§ **The problem**: Among the following entries, count the lines that contain "bounds" and report only the result.

§ **Exercise material**:

====

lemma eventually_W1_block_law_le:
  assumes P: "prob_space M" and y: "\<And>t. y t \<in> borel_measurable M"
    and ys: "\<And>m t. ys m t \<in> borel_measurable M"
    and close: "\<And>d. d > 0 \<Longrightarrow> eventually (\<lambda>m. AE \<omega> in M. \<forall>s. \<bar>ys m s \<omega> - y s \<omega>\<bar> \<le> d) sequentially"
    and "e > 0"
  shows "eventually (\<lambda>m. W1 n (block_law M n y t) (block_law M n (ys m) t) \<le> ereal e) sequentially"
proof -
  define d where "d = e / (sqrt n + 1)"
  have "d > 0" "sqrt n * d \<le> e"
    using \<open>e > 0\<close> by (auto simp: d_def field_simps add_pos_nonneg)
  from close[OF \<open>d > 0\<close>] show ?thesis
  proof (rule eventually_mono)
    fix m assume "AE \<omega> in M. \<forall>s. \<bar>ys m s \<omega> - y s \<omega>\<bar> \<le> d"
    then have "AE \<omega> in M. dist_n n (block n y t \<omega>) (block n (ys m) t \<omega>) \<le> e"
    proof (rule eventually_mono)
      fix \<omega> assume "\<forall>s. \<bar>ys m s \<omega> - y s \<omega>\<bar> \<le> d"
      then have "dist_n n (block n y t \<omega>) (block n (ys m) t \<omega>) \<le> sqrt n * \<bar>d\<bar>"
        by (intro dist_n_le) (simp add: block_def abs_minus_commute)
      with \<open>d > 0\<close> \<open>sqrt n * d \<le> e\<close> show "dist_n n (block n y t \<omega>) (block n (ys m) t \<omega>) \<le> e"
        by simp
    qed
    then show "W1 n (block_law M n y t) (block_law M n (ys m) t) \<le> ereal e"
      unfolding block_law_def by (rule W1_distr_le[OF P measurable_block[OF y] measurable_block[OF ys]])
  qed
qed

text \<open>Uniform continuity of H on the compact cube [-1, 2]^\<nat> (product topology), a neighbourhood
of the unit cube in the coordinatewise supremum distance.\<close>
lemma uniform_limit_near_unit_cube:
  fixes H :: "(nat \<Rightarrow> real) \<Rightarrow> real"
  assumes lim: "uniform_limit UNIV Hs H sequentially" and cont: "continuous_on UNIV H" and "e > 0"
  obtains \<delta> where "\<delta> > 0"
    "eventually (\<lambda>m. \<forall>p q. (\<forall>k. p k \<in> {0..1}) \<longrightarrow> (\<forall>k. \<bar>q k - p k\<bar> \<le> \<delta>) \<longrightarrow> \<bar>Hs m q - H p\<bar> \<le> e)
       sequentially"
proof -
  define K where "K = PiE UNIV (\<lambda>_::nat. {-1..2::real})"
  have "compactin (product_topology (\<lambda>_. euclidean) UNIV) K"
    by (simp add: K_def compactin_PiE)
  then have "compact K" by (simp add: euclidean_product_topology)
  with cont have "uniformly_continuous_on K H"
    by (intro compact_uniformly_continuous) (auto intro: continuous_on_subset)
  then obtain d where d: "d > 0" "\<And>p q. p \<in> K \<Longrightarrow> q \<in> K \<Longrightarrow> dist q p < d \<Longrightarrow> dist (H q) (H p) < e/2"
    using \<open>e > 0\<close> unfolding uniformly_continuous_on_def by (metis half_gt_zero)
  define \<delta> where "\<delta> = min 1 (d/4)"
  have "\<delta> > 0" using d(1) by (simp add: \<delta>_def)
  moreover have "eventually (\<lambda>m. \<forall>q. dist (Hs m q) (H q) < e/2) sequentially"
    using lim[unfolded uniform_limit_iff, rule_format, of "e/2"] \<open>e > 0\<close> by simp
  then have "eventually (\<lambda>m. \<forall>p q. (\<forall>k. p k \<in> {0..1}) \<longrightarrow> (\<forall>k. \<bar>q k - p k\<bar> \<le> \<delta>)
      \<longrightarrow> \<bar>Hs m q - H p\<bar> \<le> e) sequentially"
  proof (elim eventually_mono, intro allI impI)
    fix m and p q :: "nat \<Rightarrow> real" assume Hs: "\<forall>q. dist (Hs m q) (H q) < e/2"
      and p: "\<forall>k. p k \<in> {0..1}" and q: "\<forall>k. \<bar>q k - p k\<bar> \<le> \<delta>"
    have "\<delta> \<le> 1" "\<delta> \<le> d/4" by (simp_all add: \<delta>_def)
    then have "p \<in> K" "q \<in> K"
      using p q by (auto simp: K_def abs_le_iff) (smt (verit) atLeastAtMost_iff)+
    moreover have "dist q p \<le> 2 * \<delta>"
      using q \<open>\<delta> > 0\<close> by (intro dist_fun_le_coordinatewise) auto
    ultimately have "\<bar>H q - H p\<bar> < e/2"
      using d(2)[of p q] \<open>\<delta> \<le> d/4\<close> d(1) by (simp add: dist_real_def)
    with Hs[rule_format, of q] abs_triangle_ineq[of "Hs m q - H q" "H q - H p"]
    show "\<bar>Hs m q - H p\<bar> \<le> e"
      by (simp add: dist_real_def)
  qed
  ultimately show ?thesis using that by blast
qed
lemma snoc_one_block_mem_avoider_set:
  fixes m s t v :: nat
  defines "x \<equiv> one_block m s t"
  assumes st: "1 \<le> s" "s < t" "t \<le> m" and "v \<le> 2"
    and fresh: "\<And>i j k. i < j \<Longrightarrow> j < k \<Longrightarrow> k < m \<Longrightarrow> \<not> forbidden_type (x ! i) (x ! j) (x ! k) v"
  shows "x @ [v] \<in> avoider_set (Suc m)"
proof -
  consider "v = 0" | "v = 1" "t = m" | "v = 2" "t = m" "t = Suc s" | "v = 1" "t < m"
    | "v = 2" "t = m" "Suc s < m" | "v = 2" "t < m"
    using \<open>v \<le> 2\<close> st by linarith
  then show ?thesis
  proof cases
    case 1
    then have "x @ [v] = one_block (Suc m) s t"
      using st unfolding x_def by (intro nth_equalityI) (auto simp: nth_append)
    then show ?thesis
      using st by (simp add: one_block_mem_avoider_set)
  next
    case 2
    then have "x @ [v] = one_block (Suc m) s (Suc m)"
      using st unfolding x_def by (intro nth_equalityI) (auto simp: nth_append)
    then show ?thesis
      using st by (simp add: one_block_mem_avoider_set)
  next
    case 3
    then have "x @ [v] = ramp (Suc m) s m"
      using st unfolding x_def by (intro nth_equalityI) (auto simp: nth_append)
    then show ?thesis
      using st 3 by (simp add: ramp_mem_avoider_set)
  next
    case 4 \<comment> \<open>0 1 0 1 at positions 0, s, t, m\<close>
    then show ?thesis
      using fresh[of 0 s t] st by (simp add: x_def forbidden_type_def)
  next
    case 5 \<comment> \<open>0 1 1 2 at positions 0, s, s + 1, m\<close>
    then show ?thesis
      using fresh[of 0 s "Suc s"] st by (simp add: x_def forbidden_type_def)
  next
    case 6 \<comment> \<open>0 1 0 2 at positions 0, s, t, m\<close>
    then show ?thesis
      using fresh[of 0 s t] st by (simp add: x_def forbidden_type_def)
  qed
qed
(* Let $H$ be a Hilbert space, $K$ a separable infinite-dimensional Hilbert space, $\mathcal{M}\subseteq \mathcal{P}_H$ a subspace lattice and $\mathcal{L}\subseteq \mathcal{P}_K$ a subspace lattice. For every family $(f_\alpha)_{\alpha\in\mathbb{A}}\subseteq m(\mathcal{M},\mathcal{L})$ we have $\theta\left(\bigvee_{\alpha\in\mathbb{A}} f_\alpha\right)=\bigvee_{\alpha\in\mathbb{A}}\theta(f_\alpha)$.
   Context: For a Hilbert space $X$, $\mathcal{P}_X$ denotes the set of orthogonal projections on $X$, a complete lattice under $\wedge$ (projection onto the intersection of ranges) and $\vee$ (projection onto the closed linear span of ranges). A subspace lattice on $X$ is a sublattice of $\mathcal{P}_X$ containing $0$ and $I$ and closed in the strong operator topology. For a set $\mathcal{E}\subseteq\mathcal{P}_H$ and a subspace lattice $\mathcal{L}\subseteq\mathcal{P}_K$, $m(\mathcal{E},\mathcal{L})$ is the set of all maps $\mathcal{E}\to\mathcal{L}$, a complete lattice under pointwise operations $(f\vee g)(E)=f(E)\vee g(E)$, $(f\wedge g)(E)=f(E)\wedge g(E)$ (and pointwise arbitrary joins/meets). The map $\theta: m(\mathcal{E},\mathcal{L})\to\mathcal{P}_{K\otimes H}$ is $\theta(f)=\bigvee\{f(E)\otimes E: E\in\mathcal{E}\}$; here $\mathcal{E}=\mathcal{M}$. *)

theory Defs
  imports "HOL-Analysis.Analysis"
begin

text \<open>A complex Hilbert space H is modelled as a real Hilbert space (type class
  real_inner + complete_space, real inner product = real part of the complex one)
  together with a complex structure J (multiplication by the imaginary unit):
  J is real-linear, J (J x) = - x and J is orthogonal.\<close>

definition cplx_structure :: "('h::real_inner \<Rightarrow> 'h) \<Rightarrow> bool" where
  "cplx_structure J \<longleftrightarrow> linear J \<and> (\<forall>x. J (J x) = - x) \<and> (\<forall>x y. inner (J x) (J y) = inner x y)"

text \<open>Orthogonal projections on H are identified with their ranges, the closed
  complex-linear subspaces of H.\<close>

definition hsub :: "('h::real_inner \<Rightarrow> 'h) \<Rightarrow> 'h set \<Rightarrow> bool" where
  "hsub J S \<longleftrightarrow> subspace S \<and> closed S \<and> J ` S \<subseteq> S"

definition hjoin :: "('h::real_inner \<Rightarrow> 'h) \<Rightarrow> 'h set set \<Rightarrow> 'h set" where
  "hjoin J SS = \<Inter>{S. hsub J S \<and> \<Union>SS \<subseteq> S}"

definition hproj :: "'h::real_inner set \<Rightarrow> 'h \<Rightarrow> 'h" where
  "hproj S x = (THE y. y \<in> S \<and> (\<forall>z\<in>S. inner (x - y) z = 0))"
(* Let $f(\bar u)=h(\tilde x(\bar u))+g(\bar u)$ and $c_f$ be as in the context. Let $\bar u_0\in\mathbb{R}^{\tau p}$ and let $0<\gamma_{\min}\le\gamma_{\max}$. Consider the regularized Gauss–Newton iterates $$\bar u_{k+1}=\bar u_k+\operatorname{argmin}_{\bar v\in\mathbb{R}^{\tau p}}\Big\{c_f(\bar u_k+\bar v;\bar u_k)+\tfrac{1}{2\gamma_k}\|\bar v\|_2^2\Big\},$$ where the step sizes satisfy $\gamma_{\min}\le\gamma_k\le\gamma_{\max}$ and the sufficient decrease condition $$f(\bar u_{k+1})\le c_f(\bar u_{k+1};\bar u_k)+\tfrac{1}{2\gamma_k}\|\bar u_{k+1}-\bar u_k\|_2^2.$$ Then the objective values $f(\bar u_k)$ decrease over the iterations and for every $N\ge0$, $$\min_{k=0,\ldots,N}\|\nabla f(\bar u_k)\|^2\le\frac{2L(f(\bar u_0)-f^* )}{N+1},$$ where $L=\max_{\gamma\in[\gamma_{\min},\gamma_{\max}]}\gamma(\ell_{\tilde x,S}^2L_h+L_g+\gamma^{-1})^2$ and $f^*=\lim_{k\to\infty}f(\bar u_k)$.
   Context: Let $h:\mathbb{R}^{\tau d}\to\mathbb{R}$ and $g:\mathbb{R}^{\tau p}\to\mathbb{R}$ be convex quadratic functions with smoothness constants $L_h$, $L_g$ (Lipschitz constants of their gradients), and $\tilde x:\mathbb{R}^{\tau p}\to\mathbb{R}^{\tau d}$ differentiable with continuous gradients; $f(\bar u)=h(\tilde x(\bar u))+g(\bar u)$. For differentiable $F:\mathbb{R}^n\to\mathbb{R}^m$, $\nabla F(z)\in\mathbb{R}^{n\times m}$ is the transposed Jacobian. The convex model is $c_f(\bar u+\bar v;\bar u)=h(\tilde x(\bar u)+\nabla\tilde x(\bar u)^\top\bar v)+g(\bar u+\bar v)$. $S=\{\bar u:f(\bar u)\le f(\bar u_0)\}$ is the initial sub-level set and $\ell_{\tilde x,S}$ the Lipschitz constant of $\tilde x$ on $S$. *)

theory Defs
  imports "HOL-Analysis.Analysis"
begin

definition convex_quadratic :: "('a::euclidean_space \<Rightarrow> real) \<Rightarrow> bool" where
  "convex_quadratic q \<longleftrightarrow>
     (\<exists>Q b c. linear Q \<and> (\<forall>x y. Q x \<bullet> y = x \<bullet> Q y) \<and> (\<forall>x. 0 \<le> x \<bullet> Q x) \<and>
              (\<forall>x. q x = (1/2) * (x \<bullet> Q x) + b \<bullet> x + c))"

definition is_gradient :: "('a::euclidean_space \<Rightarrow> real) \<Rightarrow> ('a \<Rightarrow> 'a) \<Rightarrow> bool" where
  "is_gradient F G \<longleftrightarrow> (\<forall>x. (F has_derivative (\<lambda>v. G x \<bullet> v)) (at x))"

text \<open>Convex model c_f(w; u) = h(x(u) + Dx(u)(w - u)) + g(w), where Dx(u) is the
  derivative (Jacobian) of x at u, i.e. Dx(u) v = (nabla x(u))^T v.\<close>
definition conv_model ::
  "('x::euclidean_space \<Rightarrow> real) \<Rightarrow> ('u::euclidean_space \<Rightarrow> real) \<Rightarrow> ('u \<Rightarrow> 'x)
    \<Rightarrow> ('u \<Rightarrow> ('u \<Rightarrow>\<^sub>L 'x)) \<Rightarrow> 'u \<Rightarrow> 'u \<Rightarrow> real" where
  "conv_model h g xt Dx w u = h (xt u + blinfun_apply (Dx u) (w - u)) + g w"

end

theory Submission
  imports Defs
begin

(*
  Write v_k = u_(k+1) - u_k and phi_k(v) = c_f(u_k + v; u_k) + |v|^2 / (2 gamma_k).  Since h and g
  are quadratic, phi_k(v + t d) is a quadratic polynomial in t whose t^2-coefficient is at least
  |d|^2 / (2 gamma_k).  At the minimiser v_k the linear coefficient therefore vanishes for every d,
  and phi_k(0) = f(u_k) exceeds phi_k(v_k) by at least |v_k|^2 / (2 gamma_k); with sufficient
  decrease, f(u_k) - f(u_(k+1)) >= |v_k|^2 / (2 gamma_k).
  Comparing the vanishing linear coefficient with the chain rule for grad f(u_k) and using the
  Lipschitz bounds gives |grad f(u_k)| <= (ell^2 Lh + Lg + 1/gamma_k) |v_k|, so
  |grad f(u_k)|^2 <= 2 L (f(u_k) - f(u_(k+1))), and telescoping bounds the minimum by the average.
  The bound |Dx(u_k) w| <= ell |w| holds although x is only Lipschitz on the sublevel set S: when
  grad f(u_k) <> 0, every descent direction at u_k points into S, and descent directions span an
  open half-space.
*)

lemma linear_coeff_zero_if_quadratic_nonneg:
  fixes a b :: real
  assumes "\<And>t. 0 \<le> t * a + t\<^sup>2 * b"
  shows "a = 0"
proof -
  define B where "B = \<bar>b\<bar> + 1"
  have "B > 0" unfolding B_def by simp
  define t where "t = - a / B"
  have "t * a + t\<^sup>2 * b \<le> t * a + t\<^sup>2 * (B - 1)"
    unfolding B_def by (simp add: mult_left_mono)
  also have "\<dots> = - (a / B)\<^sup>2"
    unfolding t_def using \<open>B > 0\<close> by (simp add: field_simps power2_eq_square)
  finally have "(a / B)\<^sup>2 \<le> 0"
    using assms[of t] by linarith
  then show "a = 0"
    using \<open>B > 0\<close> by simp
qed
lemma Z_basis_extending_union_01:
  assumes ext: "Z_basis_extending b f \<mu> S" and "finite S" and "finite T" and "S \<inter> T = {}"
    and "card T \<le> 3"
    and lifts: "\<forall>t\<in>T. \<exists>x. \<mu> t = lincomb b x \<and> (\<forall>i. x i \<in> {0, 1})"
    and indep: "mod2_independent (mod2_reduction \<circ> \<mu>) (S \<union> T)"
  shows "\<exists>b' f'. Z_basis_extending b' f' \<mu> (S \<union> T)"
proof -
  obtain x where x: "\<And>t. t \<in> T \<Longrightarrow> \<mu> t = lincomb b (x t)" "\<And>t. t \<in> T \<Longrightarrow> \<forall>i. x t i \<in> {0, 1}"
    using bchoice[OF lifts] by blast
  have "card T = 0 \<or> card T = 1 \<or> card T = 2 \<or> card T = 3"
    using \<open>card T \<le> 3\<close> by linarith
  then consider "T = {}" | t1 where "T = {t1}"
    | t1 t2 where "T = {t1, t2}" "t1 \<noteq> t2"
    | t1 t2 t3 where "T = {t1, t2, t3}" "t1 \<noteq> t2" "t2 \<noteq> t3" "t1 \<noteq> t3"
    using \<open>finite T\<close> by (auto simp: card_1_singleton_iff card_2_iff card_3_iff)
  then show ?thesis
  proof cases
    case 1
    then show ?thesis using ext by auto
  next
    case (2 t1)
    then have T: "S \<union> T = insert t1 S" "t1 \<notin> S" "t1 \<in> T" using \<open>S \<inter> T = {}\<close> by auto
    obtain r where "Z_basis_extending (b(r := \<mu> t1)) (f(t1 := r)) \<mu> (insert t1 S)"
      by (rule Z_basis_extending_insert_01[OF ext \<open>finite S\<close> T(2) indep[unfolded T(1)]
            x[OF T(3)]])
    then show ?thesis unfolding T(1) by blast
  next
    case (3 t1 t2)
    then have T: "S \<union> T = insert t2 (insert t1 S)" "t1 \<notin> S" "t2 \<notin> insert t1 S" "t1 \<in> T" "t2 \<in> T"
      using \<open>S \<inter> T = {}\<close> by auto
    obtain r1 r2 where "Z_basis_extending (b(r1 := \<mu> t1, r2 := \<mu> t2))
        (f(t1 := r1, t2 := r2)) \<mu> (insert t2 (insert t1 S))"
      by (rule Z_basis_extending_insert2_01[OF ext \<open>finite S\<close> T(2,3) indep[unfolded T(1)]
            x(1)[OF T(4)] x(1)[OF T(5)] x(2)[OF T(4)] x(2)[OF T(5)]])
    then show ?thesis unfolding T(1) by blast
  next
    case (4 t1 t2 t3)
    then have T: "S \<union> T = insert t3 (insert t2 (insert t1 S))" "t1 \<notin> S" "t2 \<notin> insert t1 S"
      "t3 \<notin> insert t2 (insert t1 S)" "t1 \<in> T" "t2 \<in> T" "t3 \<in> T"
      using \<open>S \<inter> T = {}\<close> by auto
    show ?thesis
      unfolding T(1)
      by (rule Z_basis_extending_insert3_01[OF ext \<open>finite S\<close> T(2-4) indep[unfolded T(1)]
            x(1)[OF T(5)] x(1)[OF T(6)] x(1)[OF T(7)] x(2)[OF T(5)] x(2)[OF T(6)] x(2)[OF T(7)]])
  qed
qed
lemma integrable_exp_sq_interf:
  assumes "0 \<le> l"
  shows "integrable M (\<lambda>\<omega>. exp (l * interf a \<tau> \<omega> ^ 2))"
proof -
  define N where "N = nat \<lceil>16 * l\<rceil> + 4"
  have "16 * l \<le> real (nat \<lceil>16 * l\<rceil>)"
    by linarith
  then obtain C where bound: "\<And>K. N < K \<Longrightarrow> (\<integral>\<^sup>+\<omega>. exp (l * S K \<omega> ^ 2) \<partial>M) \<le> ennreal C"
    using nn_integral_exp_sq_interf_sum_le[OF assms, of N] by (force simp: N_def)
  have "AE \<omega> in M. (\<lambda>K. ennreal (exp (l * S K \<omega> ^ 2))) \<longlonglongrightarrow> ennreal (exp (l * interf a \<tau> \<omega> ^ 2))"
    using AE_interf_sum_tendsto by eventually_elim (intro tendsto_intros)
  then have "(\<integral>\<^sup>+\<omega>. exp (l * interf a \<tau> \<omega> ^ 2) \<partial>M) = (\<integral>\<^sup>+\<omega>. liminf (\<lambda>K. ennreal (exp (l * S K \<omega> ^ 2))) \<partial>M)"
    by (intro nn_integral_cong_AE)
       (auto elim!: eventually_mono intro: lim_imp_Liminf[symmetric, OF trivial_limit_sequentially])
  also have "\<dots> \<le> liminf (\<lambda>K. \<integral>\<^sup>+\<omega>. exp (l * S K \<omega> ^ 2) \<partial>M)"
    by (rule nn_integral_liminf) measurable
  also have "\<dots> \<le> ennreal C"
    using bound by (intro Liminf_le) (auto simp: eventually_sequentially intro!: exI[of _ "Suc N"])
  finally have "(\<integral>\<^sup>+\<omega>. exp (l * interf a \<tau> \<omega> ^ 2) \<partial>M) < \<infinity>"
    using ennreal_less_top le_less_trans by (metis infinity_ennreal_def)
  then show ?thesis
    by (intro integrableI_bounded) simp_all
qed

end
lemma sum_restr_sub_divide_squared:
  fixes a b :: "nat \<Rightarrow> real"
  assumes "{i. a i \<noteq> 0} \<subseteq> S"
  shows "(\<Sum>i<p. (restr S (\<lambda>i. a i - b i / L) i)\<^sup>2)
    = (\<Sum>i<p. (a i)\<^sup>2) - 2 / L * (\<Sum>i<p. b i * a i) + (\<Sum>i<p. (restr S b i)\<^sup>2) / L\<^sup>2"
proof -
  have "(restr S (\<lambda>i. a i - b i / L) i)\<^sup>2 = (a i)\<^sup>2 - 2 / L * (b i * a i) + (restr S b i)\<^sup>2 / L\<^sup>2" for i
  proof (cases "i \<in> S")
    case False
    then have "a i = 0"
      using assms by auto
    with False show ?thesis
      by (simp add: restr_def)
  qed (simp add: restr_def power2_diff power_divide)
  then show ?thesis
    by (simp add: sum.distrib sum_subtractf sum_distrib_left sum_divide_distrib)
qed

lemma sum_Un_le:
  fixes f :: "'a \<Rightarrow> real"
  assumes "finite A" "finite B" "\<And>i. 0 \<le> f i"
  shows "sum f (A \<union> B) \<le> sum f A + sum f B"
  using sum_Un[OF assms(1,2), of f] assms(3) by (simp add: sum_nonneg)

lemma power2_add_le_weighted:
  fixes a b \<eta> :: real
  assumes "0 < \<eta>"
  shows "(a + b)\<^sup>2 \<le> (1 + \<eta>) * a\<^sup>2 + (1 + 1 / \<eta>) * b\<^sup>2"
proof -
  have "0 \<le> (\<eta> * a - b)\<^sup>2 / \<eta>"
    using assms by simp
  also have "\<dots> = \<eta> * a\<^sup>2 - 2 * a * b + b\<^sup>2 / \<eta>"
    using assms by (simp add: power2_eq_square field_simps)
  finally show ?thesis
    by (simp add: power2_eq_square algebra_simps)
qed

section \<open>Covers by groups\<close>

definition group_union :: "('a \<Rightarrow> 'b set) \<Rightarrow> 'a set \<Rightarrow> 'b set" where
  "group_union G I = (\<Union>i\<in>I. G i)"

====

§ **Your solution**: 2